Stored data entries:
++++++

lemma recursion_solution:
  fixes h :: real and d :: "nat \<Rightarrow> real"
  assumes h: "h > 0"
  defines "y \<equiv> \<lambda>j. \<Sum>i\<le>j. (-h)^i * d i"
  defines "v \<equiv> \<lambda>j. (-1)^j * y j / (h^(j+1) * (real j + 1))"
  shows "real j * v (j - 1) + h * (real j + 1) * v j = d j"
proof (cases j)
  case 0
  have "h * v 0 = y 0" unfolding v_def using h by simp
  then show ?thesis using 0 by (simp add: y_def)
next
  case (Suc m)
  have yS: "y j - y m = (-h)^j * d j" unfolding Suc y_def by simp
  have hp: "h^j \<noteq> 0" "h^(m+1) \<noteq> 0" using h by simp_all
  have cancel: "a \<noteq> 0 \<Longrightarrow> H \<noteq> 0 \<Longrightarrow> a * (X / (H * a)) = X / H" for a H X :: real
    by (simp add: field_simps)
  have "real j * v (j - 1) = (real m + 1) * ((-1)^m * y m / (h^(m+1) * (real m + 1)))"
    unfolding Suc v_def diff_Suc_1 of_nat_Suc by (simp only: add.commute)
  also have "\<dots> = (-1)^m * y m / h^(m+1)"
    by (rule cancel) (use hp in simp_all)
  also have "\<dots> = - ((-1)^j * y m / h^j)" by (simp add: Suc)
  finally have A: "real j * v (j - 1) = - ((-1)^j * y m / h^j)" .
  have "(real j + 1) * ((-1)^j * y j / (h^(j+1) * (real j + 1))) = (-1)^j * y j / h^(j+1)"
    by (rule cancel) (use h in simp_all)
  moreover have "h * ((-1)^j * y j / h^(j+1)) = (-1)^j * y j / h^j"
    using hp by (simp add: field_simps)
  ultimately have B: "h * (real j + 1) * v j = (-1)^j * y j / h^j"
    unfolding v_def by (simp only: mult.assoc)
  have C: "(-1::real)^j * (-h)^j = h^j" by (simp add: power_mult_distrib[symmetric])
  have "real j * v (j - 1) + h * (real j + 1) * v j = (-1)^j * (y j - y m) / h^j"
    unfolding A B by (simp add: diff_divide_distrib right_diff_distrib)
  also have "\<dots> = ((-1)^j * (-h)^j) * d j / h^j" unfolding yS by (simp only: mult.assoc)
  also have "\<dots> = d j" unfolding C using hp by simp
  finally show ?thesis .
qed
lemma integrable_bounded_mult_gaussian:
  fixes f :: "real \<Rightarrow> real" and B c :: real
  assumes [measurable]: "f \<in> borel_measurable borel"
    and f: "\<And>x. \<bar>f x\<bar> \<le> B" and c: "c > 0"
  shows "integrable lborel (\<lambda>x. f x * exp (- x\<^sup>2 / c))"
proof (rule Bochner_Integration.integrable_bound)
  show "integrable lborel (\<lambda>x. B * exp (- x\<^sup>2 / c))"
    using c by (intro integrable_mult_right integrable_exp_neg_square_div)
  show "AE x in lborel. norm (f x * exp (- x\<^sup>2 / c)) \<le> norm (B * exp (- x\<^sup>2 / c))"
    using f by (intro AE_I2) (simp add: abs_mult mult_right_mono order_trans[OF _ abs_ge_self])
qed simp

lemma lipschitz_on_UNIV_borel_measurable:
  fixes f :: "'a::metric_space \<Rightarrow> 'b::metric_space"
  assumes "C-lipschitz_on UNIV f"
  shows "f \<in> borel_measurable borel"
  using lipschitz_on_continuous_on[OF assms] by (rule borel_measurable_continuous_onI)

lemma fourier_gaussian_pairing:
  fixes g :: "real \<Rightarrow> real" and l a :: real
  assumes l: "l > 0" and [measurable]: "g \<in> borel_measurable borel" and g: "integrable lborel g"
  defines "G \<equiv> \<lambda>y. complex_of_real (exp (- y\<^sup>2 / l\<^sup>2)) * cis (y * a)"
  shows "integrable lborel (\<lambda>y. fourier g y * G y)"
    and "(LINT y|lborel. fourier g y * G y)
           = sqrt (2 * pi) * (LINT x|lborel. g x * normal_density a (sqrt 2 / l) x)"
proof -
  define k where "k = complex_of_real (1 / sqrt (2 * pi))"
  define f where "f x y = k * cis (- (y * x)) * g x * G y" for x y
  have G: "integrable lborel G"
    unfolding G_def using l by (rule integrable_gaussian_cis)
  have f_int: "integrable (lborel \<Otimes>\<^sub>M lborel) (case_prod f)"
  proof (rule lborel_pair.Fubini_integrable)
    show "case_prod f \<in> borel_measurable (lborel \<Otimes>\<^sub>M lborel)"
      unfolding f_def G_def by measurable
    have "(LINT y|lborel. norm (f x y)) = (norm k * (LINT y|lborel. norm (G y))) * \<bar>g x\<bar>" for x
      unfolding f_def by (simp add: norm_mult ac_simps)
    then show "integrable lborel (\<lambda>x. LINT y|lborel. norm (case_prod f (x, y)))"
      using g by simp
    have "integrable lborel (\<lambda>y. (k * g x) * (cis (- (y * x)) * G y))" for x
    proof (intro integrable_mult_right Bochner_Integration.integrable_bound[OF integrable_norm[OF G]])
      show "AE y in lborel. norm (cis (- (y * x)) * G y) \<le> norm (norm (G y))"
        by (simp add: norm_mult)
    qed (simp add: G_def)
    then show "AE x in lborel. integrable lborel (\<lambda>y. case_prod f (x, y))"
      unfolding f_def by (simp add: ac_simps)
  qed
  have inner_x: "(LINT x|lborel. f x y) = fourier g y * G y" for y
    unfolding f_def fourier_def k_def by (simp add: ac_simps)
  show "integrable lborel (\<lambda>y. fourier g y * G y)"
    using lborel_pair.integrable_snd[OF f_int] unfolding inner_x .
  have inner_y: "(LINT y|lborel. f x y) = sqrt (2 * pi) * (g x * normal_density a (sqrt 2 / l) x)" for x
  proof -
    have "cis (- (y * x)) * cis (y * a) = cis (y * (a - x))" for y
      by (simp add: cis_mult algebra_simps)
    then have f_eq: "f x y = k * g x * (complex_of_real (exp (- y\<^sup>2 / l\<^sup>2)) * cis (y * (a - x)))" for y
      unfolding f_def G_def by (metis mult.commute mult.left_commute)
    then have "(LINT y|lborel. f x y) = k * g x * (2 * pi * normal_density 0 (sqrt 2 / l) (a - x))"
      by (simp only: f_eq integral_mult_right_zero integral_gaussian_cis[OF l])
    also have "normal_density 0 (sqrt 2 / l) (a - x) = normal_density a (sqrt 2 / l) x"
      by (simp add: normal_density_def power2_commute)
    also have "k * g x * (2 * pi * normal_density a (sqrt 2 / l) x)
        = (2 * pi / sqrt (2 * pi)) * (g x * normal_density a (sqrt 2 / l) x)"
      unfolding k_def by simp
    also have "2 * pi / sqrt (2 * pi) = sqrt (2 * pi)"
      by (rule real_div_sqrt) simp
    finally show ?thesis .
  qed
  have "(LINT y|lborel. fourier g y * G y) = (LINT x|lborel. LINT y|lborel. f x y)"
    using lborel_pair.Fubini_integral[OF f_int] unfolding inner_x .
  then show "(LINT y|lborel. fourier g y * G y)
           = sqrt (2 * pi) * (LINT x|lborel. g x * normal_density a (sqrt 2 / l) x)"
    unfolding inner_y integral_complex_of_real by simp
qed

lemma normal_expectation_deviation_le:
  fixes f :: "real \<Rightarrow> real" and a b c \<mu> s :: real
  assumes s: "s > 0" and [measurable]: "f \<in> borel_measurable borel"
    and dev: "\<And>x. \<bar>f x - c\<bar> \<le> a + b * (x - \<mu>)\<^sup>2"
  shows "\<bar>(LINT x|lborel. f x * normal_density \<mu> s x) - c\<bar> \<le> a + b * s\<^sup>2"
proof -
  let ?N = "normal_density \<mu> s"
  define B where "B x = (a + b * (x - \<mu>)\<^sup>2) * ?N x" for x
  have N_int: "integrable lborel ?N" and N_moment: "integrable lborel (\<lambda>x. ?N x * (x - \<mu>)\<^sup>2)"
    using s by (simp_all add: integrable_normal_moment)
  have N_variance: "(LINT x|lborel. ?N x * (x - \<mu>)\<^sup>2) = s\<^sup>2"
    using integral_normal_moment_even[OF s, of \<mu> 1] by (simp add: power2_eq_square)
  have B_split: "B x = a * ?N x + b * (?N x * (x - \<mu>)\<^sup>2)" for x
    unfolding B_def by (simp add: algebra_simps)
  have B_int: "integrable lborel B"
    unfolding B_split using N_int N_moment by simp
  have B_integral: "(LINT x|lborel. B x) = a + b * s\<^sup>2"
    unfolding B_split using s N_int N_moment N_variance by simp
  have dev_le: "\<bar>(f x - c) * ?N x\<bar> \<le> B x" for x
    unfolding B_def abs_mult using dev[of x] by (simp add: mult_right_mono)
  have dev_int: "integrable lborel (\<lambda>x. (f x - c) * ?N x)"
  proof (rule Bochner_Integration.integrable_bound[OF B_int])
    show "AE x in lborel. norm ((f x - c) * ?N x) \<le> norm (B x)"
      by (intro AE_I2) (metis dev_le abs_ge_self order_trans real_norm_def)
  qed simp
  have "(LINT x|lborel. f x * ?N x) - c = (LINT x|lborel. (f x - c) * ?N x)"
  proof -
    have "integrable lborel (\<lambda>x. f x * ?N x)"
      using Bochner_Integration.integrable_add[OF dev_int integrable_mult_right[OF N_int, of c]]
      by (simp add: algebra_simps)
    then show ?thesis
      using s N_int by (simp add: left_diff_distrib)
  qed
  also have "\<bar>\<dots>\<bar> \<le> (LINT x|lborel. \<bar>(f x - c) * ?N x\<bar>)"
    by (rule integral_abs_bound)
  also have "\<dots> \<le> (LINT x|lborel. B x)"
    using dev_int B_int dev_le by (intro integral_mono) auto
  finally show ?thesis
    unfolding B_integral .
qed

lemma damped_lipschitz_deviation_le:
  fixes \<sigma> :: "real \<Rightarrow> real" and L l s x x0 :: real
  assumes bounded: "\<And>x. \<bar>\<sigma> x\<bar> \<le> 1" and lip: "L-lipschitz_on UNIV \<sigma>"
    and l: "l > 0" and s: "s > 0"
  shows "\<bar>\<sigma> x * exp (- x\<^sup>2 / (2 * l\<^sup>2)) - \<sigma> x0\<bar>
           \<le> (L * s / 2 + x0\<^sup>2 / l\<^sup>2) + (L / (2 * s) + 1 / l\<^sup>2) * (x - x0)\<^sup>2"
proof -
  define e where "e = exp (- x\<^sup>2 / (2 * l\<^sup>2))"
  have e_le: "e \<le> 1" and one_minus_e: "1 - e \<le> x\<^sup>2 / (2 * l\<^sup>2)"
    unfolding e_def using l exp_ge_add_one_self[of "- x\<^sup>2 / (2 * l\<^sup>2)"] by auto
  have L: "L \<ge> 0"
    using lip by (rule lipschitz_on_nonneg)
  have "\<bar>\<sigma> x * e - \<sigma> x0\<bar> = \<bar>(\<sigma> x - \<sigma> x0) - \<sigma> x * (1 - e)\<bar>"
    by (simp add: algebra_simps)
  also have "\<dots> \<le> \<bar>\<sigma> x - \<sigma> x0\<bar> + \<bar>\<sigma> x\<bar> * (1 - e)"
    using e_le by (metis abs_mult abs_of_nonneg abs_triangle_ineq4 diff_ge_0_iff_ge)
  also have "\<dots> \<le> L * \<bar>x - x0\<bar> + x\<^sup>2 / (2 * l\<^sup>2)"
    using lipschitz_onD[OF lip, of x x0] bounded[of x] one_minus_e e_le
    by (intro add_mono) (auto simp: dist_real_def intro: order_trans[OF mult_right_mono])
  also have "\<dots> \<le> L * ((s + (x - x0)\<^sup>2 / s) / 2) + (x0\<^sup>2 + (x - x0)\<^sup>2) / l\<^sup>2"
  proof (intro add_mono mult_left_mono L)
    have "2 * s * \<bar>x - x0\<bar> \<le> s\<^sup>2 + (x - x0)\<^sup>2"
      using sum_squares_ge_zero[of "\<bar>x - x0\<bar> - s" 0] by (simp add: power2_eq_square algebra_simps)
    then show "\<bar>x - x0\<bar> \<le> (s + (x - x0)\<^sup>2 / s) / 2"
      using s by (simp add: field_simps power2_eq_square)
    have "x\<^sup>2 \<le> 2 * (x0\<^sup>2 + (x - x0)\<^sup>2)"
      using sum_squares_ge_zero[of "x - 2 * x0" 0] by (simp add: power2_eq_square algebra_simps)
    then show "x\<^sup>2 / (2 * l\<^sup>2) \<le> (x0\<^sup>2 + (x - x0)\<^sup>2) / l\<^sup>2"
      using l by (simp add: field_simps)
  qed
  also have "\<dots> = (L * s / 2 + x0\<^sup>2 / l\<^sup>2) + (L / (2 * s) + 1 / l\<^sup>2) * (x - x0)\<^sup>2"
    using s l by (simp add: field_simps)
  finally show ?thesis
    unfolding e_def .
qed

++++++

* [Work instruction]: Find the string "assumes" in the data. Report each line it appears in.

* [Task result]:
  assumes h: "h > 0"
  assumes [measurable]: "f \<in> borel_measurable borel"
  assumes "C-lipschitz_on UNIV f"
  assumes l: "l > 0" and [measurable]: "g \<in> borel_measurable borel" and g: "integrable lborel g"
  assumes s: "s > 0" and [measurable]: "f \<in> borel_measurable borel"
  assumes bounded: "\<And>x. \<bar>\<sigma> x\<bar> \<le> 1" and lip: "L-lipschitz_on UNIV \<sigma>"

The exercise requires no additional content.